• [Assigned task] Repeat exactly, and only, the lines below starting at the line that contains "by (auto intro!: continuous_intros)" and ending at the line that contains "unfolding S1_def S2_def", inclusive of both.

• [Data extracts]
(* For each $0<c<1/2$ the equation $$-jcK\!\left(\tfrac{(c^2-1)(1-j^2)}{c^2}\right)+\tfrac{j}{c}\Pi\!\left(\tfrac{c^2-1}{c^2},\tfrac{(c^2-1)(1-j^2)}{c^2}\right)=\tfrac{\pi}{4}$$ has exactly one solution $j\in[0,1]$.
   Context: For $k,n<1$: $K(k)=\int_0^{\pi/2}(1-k\sin^2\theta)^{-1/2}d\theta$ and $\Pi(n,k)=\int_0^{\pi/2}\frac{d\theta}{(1-n\sin^2\theta)\sqrt{1-k\sin^2\theta}}$. *)

theory Defs
  imports "HOL-Analysis.Analysis"
begin

text \<open>Complete elliptic integrals in the parameter convention of the paper (for k, n < 1).\<close>

definition ellK :: "real \<Rightarrow> real" where
  "ellK k = integral {0..pi/2} (\<lambda>\<theta>. 1 / sqrt (1 - k * (sin \<theta>)^2))"

definition ellPi :: "real \<Rightarrow> real \<Rightarrow> real" where
  "ellPi n k = integral {0..pi/2}
     (\<lambda>\<theta>. 1 / ((1 - n * (sin \<theta>)^2) * sqrt (1 - k * (sin \<theta>)^2)))"

end

theory Submission
  imports Defs
begin

text \<open>
  With \<open>k = ell_modulus c j\<close> and \<open>n = ell_characteristic c\<close>, the two integrands
  combine into \<open>j / sqrt (1 - k sin\<^sup>2 t)\<close> times the weight
  \<open>c / (c\<^sup>2 cos\<^sup>2 t + sin\<^sup>2 t) - c\<close>, which does not depend on \<open>j\<close> and is positive on
  \<open>]0, \<pi>/2[\<close> for \<open>0 < c < 1\<close>.  Since \<open>k \<le> 0\<close> grows with \<open>j\<close>, the left-hand side is a
  continuous, strictly increasing function of \<open>j \<in> [0, 1]\<close>.  It vanishes at \<open>j = 0\<close>, and
  at \<open>j = 1\<close>, where \<open>k = 0\<close>, it is the integral of the weight, namely \<open>\<pi>/2 (1 - c)\<close>;
  this exceeds \<open>\<pi>/4\<close> exactly when \<open>c < 1/2\<close>.
\<close>

lemma ex1_eq_if_continuous_strict_mono_on:
  fixes f :: "real \<Rightarrow> real"
  assumes "a \<le> b" "continuous_on {a..b} f" "strict_mono_on {a..b} f" "f a \<le> y" "y \<le> f b"
  shows "\<exists>!x. x \<in> {a..b} \<and> f x = y"
proof -
  obtain x where "a \<le> x" "x \<le> b" "f x = y"
    using IVT'[of f a y b] assms by blast
  then show ?thesis
    using strict_mono_on_eqD[OF assms(3)] by auto
qed

lemma one_minus_mult_sin_sq_pos:
  fixes k t :: real
  assumes "k < 1"
  shows "0 < 1 - k * (sin t)^2"
proof (cases "k \<le> 0")
  case True
  then have "k * (sin t)^2 \<le> 0" by (simp add: mult_nonpos_nonneg)
  then show ?thesis by linarith
next
  case False
  moreover have "(sin t)^2 \<le> 1"
    by (simp add: abs_square_le_1)
  ultimately have "k * (sin t)^2 \<le> k"
    by (simp add: mult_left_le)
  with assms show ?thesis by linarith
qed

abbreviation ell_modulus :: "real \<Rightarrow> real \<Rightarrow> real" where
  "ell_modulus c j \<equiv> (c^2 - 1) * (1 - j^2) / c^2"

abbreviation ell_characteristic :: "real \<Rightarrow> real" where
  "ell_characteristic c \<equiv> (c^2 - 1) / c^2"

lemma ell_modulus_nonpos:
  fixes c j :: real
  assumes "c^2 \<le> 1" "\<bar>j\<bar> \<le> 1"
  shows "ell_modulus c j \<le> 0"
  using assms by (intro divide_nonpos_nonneg mult_nonpos_nonneg) (auto simp: abs_square_le_1)

lemma ell_modulus_less_one:
  fixes c j :: real
  assumes "c^2 \<le> 1" "\<bar>j\<bar> \<le> 1"
  shows "ell_modulus c j < 1"
  using ell_modulus_nonpos[OF assms] by linarith

lemma ell_modulus_mono:
  fixes c j1 j2 :: real
  assumes "c^2 \<le> 1" "j1^2 \<le> j2^2"
  shows "ell_modulus c j1 \<le> ell_modulus c j2"
  using assms by (intro divide_right_mono mult_left_mono_neg) auto

lemma cos_sin_quadratic_pos:
  fixes c t :: real
  assumes "c \<noteq> 0"
  shows "0 < c^2 * (cos t)^2 + (sin t)^2"
proof (cases "cos t = 0")
  case True
  then show ?thesis using sin_cos_squared_add[of t] by simp
next
  case False
  then show ?thesis using assms by (simp add: add_pos_nonneg)
qed

lemma one_minus_ell_characteristic:
  fixes c t :: real
  assumes "c \<noteq> 0"
  shows "1 - ell_characteristic c * (sin t)^2 = (c^2 * (cos t)^2 + (sin t)^2) / c^2"
  using assms by (simp add: field_simps cos_squared_eq)

text \<open>\<open>t + arctan (\<dots>)\<close> is the branch of \<open>arctan (tan t / c)\<close>, the polar angle of
  \<open>(c cos t, sin t)\<close>, that is smooth on all of \<open>\<real>\<close>.\<close>

lemma ellipse_angle_has_real_derivative:
  fixes c t :: real
  assumes "0 < c"
  shows "((\<lambda>t. t + arctan ((1 - c) * sin t * cos t / (c * (cos t)^2 + (sin t)^2)))
          has_real_derivative c / (c^2 * (cos t)^2 + (sin t)^2)) (at t)"
proof -
  define u where "u = (\<lambda>t. (1 - c) * sin t * cos t / (c * (cos t)^2 + (sin t)^2))"
  define E where "E = c * (cos t)^2 + (sin t)^2"
  define F where "F = c^2 * (cos t)^2 + (sin t)^2"
  have sin_cos: "(sin t)^2 + (cos t)^2 = 1" by simp
  have E: "0 < E"
    unfolding E_def using assms cos_sin_quadratic_pos[of "sqrt c" t] by simp
  have F: "0 < F"
    unfolding F_def using assms cos_sin_quadratic_pos[of c t] by simp
  have "(u has_real_derivative (1 - c) * (c * (cos t)^2 - (sin t)^2) / E^2) (at t)"
    using E unfolding u_def E_def
    by (auto intro!: derivative_eq_intros simp: field_simps power2_eq_square; use sin_cos in algebra)
  then have "((\<lambda>t. t + arctan (u t)) has_real_derivative
      1 + (1 - c) * (c * (cos t)^2 - (sin t)^2) / E^2 / (1 + (u t)^2)) (at t)"
    by (auto intro!: derivative_eq_intros simp: divide_inverse mult_ac)
  moreover have "1 + (u t)^2 = F / E^2"
  proof -
    have "E^2 + ((1 - c) * sin t * cos t)^2 = F"
      unfolding E_def F_def using sin_cos by algebra
    then show ?thesis
      using E unfolding u_def E_def[symmetric] by (simp add: field_simps)
  qed
  moreover have "1 + (1 - c) * (c * (cos t)^2 - (sin t)^2) / F = c / F"
    using F unfolding F_def by (simp add: field_simps) (use sin_cos in algebra)
  ultimately show ?thesis
    using E F unfolding u_def F_def[symmetric] by simp
qed

lemma has_integral_ellipse_angle:
  fixes c :: real
  assumes "0 < c"
  shows "((\<lambda>t. c / (c^2 * (cos t)^2 + (sin t)^2)) has_integral pi/2) {0..pi/2}"
proof -
  have "((\<lambda>t. c / (c^2 * (cos t)^2 + (sin t)^2)) has_integral
      (\<lambda>t. t + arctan ((1 - c) * sin t * cos t / (c * (cos t)^2 + (sin t)^2))) (pi/2)
    - (\<lambda>t. t + arctan ((1 - c) * sin t * cos t / (c * (cos t)^2 + (sin t)^2))) 0) {0..pi/2}"
    by (intro fundamental_theorem_of_calculus)
       (auto simp: has_real_derivative_iff_has_vector_derivative[symmetric]
             intro: has_field_derivative_at_within ellipse_angle_has_real_derivative[OF assms])
  then show ?thesis by simp
qed

definition ell_combination :: "real \<Rightarrow> real \<Rightarrow> real" where
  "ell_combination c j =
    - j * c * ellK (ell_modulus c j) + (j / c) * ellPi (ell_characteristic c) (ell_modulus c j)"

definition ell_weight :: "real \<Rightarrow> real \<Rightarrow> real" where
  "ell_weight c t = c / (c^2 * (cos t)^2 + (sin t)^2) - c"

definition ell_kernel :: "real \<Rightarrow> real \<Rightarrow> real \<Rightarrow> real" where
  "ell_kernel c j t = j / sqrt (1 - ell_modulus c j * (sin t)^2) * ell_weight c t"

lemma ell_combination_integrand_eq:
  fixes c j t :: real
  assumes "c \<noteq> 0" "ell_modulus c j < 1"
  shows "- j * c * (1 / sqrt (1 - ell_modulus c j * (sin t)^2))
      + (j / c) * (1 / ((1 - ell_characteristic c * (sin t)^2)
                        * sqrt (1 - ell_modulus c j * (sin t)^2)))
    = ell_kernel c j t"
proof -
  define S where "S = sqrt (1 - ell_modulus c j * (sin t)^2)"
  define F where "F = c^2 * (cos t)^2 + (sin t)^2"
  have "0 < S"
    unfolding S_def using one_minus_mult_sin_sq_pos[OF assms(2)] by simp
  moreover have "0 < F"
    unfolding F_def using cos_sin_quadratic_pos[OF assms(1)] .
  ultimately have "- j * c * (1 / S) + (j / c) * (1 / (F / c^2 * S)) = j / S * (c / F - c)"
    using assms(1) by (simp add: field_simps power2_eq_square)
  then show ?thesis
    unfolding one_minus_ell_characteristic[OF assms(1)] ell_kernel_def ell_weight_def
      S_def F_def .
qed

lemma ell_combination_eq_integral:
  fixes c j :: real
  assumes "c \<noteq> 0" "ell_modulus c j < 1"
  shows "ell_combination c j = integral {0..pi/2} (ell_kernel c j)"
proof -
  define f1 where "f1 t = 1 / sqrt (1 - ell_modulus c j * (sin t)^2)" for t
  define f2 where "f2 t = 1 / ((1 - ell_characteristic c * (sin t)^2)
                               * sqrt (1 - ell_modulus c j * (sin t)^2))" for t
  have "ell_characteristic c < 1"
    using assms(1) by (simp add: field_simps)
  then have "1 - ell_characteristic c * (sin t)^2 \<noteq> 0"
      and "sqrt (1 - ell_modulus c j * (sin t)^2) \<noteq> 0" for t
    using one_minus_mult_sin_sq_pos assms(2) by (metis less_irrefl real_sqrt_gt_zero)+
  then have integrable: "f1 integrable_on {0..pi/2}" "f2 integrable_on {0..pi/2}"
    unfolding f1_def f2_def using assms(1)
    by (auto intro!: integrable_continuous_interval continuous_intros)
  have "ell_combination c j = - j * c * integral {0..pi/2} f1 + (j / c) * integral {0..pi/2} f2"
    unfolding ell_combination_def ellK_def ellPi_def f1_def f2_def ..
  also have "\<dots> = integral {0..pi/2} (\<lambda>t. - j * c * f1 t + (j / c) * f2 t)"
    using integrable by (simp only: integral_add integrable_on_mult_right integral_mult_right)
  also have "\<dots> = integral {0..pi/2} (ell_kernel c j)"
    unfolding f1_def f2_def ell_combination_integrand_eq[OF assms] ..
  finally show ?thesis .
qed

lemma continuous_on_ell_kernel:
  fixes c :: real
  assumes "c \<noteq> 0" "c^2 \<le> 1"
  shows "continuous_on ({-1..1} \<times> UNIV) (\<lambda>(j, t). ell_kernel c j t)"
proof -
  have "sqrt (1 - ell_modulus c j * (sin t)^2) \<noteq> 0" if "j \<in> {-1..1}" for j t
  proof -
    have "ell_modulus c j < 1"
      using ell_modulus_less_one[OF assms(2)] that by auto
    then show ?thesis using one_minus_mult_sin_sq_pos by (metis less_irrefl real_sqrt_gt_zero)
  qed
  moreover have "c^2 * (cos t)^2 + (sin t)^2 \<noteq> 0" for t
    using cos_sin_quadratic_pos[OF assms(1)] by (metis less_irrefl)
  ultimately show ?thesis
    unfolding ell_kernel_def ell_weight_def case_prod_beta using assms(1)
    by (auto intro!: continuous_intros)
qed

lemma continuous_on_ell_combination:
  fixes c :: real
  assumes "c \<noteq> 0" "c^2 \<le> 1"
  shows "continuous_on {-1..1} (ell_combination c)"
proof -
  have "continuous_on {-1..1} (\<lambda>j. integral (cbox 0 (pi/2)) (ell_kernel c j))"
    by (rule integral_continuous_on_param, rule continuous_on_subset[OF continuous_on_ell_kernel[OF assms]])
       auto
  moreover have "ell_combination c j = integral (cbox 0 (pi/2)) (ell_kernel c j)"
    if "j \<in> {-1..1}" for j
  proof -
    have "ell_modulus c j < 1"
      using ell_modulus_less_one[OF assms(2)] that by auto
    then show ?thesis using ell_combination_eq_integral assms(1) by simp
  qed
  ultimately show ?thesis by (metis (no_types, lifting) continuous_on_cong)
qed

lemma ell_weight_pos:
  fixes c t :: real
  assumes "0 < c" "c < 1" "cos t \<noteq> 0"
  shows "0 < ell_weight c t"
proof -
  have "c^2 * (cos t)^2 + (sin t)^2 = 1 - (1 - c^2) * (cos t)^2"
    by (simp add: sin_squared_eq algebra_simps)
  also have "\<dots> < 1"
    using assms by (simp add: power_less_one_iff)
  finally have "c < c / (c^2 * (cos t)^2 + (sin t)^2)"
    using assms(1) cos_sin_quadratic_pos[of c t] by (simp add: less_divide_eq)
  then show ?thesis
    unfolding ell_weight_def by simp
qed

lemma ell_kernel_strict_mono:
  fixes c j1 j2 t :: real
  assumes "c^2 \<le> 1" "0 \<le> j1" "j1 < j2" "j2 \<le> 1" "0 < ell_weight c t"
  shows "ell_kernel c j1 t < ell_kernel c j2 t"
proof -
  define S1 where "S1 = sqrt (1 - ell_modulus c j1 * (sin t)^2)"
  define S2 where "S2 = sqrt (1 - ell_modulus c j2 * (sin t)^2)"
  have "ell_modulus c j2 < 1"
    using ell_modulus_less_one[OF assms(1), of j2] assms(2-4) by auto
  then have "0 < S2"
    unfolding S2_def by (intro real_sqrt_gt_zero one_minus_mult_sin_sq_pos)
  have "j1^2 \<le> j2^2"
    using assms(2,3) by (simp add: power_mono)
  then have "ell_modulus c j1 * (sin t)^2 \<le> ell_modulus c j2 * (sin t)^2"
    by (intro mult_right_mono ell_modulus_mono[OF assms(1)]) simp_all
  then have "S2 \<le> S1"
    unfolding S1_def S2_def by (intro real_sqrt_le_mono) linarith
  then have "j1 / S1 \<le> j1 / S2"
    using \<open>0 < S2\<close> assms(2) by (simp add: divide_left_mono)
  also have "\<dots> < j2 / S2"
    using \<open>0 < S2\<close> assms(3) by (simp add: divide_strict_right_mono)
  finally have "j1 / S1 * ell_weight c t < j2 / S2 * ell_weight c t"
    using assms(5) by (rule mult_strict_right_mono)
  then show ?thesis
    unfolding ell_kernel_def S1_def S2_def .
qed

lemma strict_mono_on_ell_combination:
  fixes c :: real
  assumes "0 < c" "c < 1"
  shows "strict_mono_on {0..1} (ell_combination c)"
proof (rule strict_mono_onI)
  fix j1 j2 :: real
  assume j: "j1 \<in> {0..1}" "j2 \<in> {0..1}" "j1 < j2"
  have c: "c \<noteq> 0" "c^2 \<le> 1"
    using assms by (auto simp: power_le_one)
  have modulus: "ell_modulus c j < 1" if "j \<in> {0..1}" for j
    using ell_modulus_less_one[OF c(2), of j] that by auto
  have continuous: "continuous_on {0..pi/2} (ell_kernel c j)" if "j \<in> {0..1}" for j
  proof -
    have "continuous_on {0..pi/2} ((\<lambda>(j, t). ell_kernel c j t) \<circ> Pair j)"
      by (rule continuous_on_compose[OF _ continuous_on_subset[OF continuous_on_ell_kernel[OF c]]])
         (use that in \<open>auto intro!: continuous_intros\<close>)
    then show ?thesis by (simp add: o_def)
  qed
  have "integral {0..pi/2} (ell_kernel c j1) < integral {0..pi/2} (ell_kernel c j2)"
  proof (rule integral_less_real)
    show "{0<..<pi/2} \<noteq> {}"
      using pi_gt_zero by (simp add: not_le)
  next
    fix t :: real
    assume "t \<in> {0<..<pi/2}"
    then have "cos t \<noteq> 0" using cos_gt_zero_pi[of t] by auto
    then show "ell_kernel c j1 t < ell_kernel c j2 t"
      using ell_kernel_strict_mono[OF c(2)] ell_weight_pos[OF assms] j by auto
  qed (use continuous j in auto)
  then show "ell_combination c j1 < ell_combination c j2"
    using ell_combination_eq_integral[OF c(1) modulus] j by simp
qed

lemma ell_combination_zero: "ell_combination c 0 = 0"
  by (simp add: ell_combination_def)

lemma ell_combination_one:
  fixes c :: real
  assumes "0 < c"
  shows "ell_combination c 1 = pi/2 * (1 - c)"
proof -
  have "(ell_weight c has_integral pi/2 - pi/2 * c) {0..pi/2}"
    unfolding ell_weight_def
    using has_integral_diff[OF has_integral_ellipse_angle[OF assms]
                               has_integral_const_real[of c 0 "pi/2"]]
    by simp
  moreover have "ell_kernel c 1 = ell_weight c"
    by (simp add: ell_kernel_def fun_eq_iff)
  ultimately have "integral {0..pi/2} (ell_kernel c 1) = pi/2 * (1 - c)"
    by (simp add: integral_unique algebra_simps)
  then show ?thesis
    using ell_combination_eq_integral[of c 1] assms by simp
qed

theorem mainTheorem8:
  fixes c :: real
  assumes "0 < c" and "c < 1/2"
  shows "\<exists>!j. j \<in> {0..1} \<and>
    - j * c * ellK ((c^2 - 1) * (1 - j^2) / c^2)
    + (j / c) * ellPi ((c^2 - 1) / c^2) ((c^2 - 1) * (1 - j^2) / c^2) = pi / 4"
proof -
  have c: "0 < c" "c < 1" "c^2 \<le> 1"
    using assms by (auto simp: power_le_one)
  have "\<exists>!j. j \<in> {0..1} \<and> ell_combination c j = pi / 4"
  proof (rule ex1_eq_if_continuous_strict_mono_on)
    show "continuous_on {0..1} (ell_combination c)"
      using continuous_on_ell_combination[of c] c by (auto elim: continuous_on_subset)
    show "strict_mono_on {0..1} (ell_combination c)"
      using strict_mono_on_ell_combination c by blast
    show "ell_combination c 0 \<le> pi / 4"
      by (simp add: ell_combination_zero)
    have "pi / 2 * (1 / 2) \<le> pi / 2 * (1 - c)"
      using assms(2) pi_gt_zero by (intro mult_left_mono) auto
    then show "pi / 4 \<le> ell_combination c 1"
      using ell_combination_one[OF c(1)] by linarith
  qed simp
  then show ?thesis
    unfolding ell_combination_def .
qed

end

• [Reply to the task]
    by (auto intro!: continuous_intros)
qed

lemma continuous_on_ell_combination:
  fixes c :: real
  assumes "c \<noteq> 0" "c^2 \<le> 1"
  shows "continuous_on {-1..1} (ell_combination c)"
proof -
  have "continuous_on {-1..1} (\<lambda>j. integral (cbox 0 (pi/2)) (ell_kernel c j))"
    by (rule integral_continuous_on_param, rule continuous_on_subset[OF continuous_on_ell_kernel[OF assms]])
       auto
  moreover have "ell_combination c j = integral (cbox 0 (pi/2)) (ell_kernel c j)"
    if "j \<in> {-1..1}" for j
  proof -
    have "ell_modulus c j < 1"
      using ell_modulus_less_one[OF assms(2)] that by auto
    then show ?thesis using ell_combination_eq_integral assms(1) by simp
  qed
  ultimately show ?thesis by (metis (no_types, lifting) continuous_on_cong)
qed

lemma ell_weight_pos:
  fixes c t :: real
  assumes "0 < c" "c < 1" "cos t \<noteq> 0"
  shows "0 < ell_weight c t"
proof -
  have "c^2 * (cos t)^2 + (sin t)^2 = 1 - (1 - c^2) * (cos t)^2"
    by (simp add: sin_squared_eq algebra_simps)
  also have "\<dots> < 1"
    using assms by (simp add: power_less_one_iff)
  finally have "c < c / (c^2 * (cos t)^2 + (sin t)^2)"
    using assms(1) cos_sin_quadratic_pos[of c t] by (simp add: less_divide_eq)
  then show ?thesis
    unfolding ell_weight_def by simp
qed

lemma ell_kernel_strict_mono:
  fixes c j1 j2 t :: real
  assumes "c^2 \<le> 1" "0 \<le> j1" "j1 < j2" "j2 \<le> 1" "0 < ell_weight c t"
  shows "ell_kernel c j1 t < ell_kernel c j2 t"
proof -
  define S1 where "S1 = sqrt (1 - ell_modulus c j1 * (sin t)^2)"
  define S2 where "S2 = sqrt (1 - ell_modulus c j2 * (sin t)^2)"
  have "ell_modulus c j2 < 1"
    using ell_modulus_less_one[OF assms(1), of j2] assms(2-4) by auto
  then have "0 < S2"
    unfolding S2_def by (intro real_sqrt_gt_zero one_minus_mult_sin_sq_pos)
  have "j1^2 \<le> j2^2"
    using assms(2,3) by (simp add: power_mono)
  then have "ell_modulus c j1 * (sin t)^2 \<le> ell_modulus c j2 * (sin t)^2"
    by (intro mult_right_mono ell_modulus_mono[OF assms(1)]) simp_all
  then have "S2 \<le> S1"
    unfolding S1_def S2_def by (intro real_sqrt_le_mono) linarith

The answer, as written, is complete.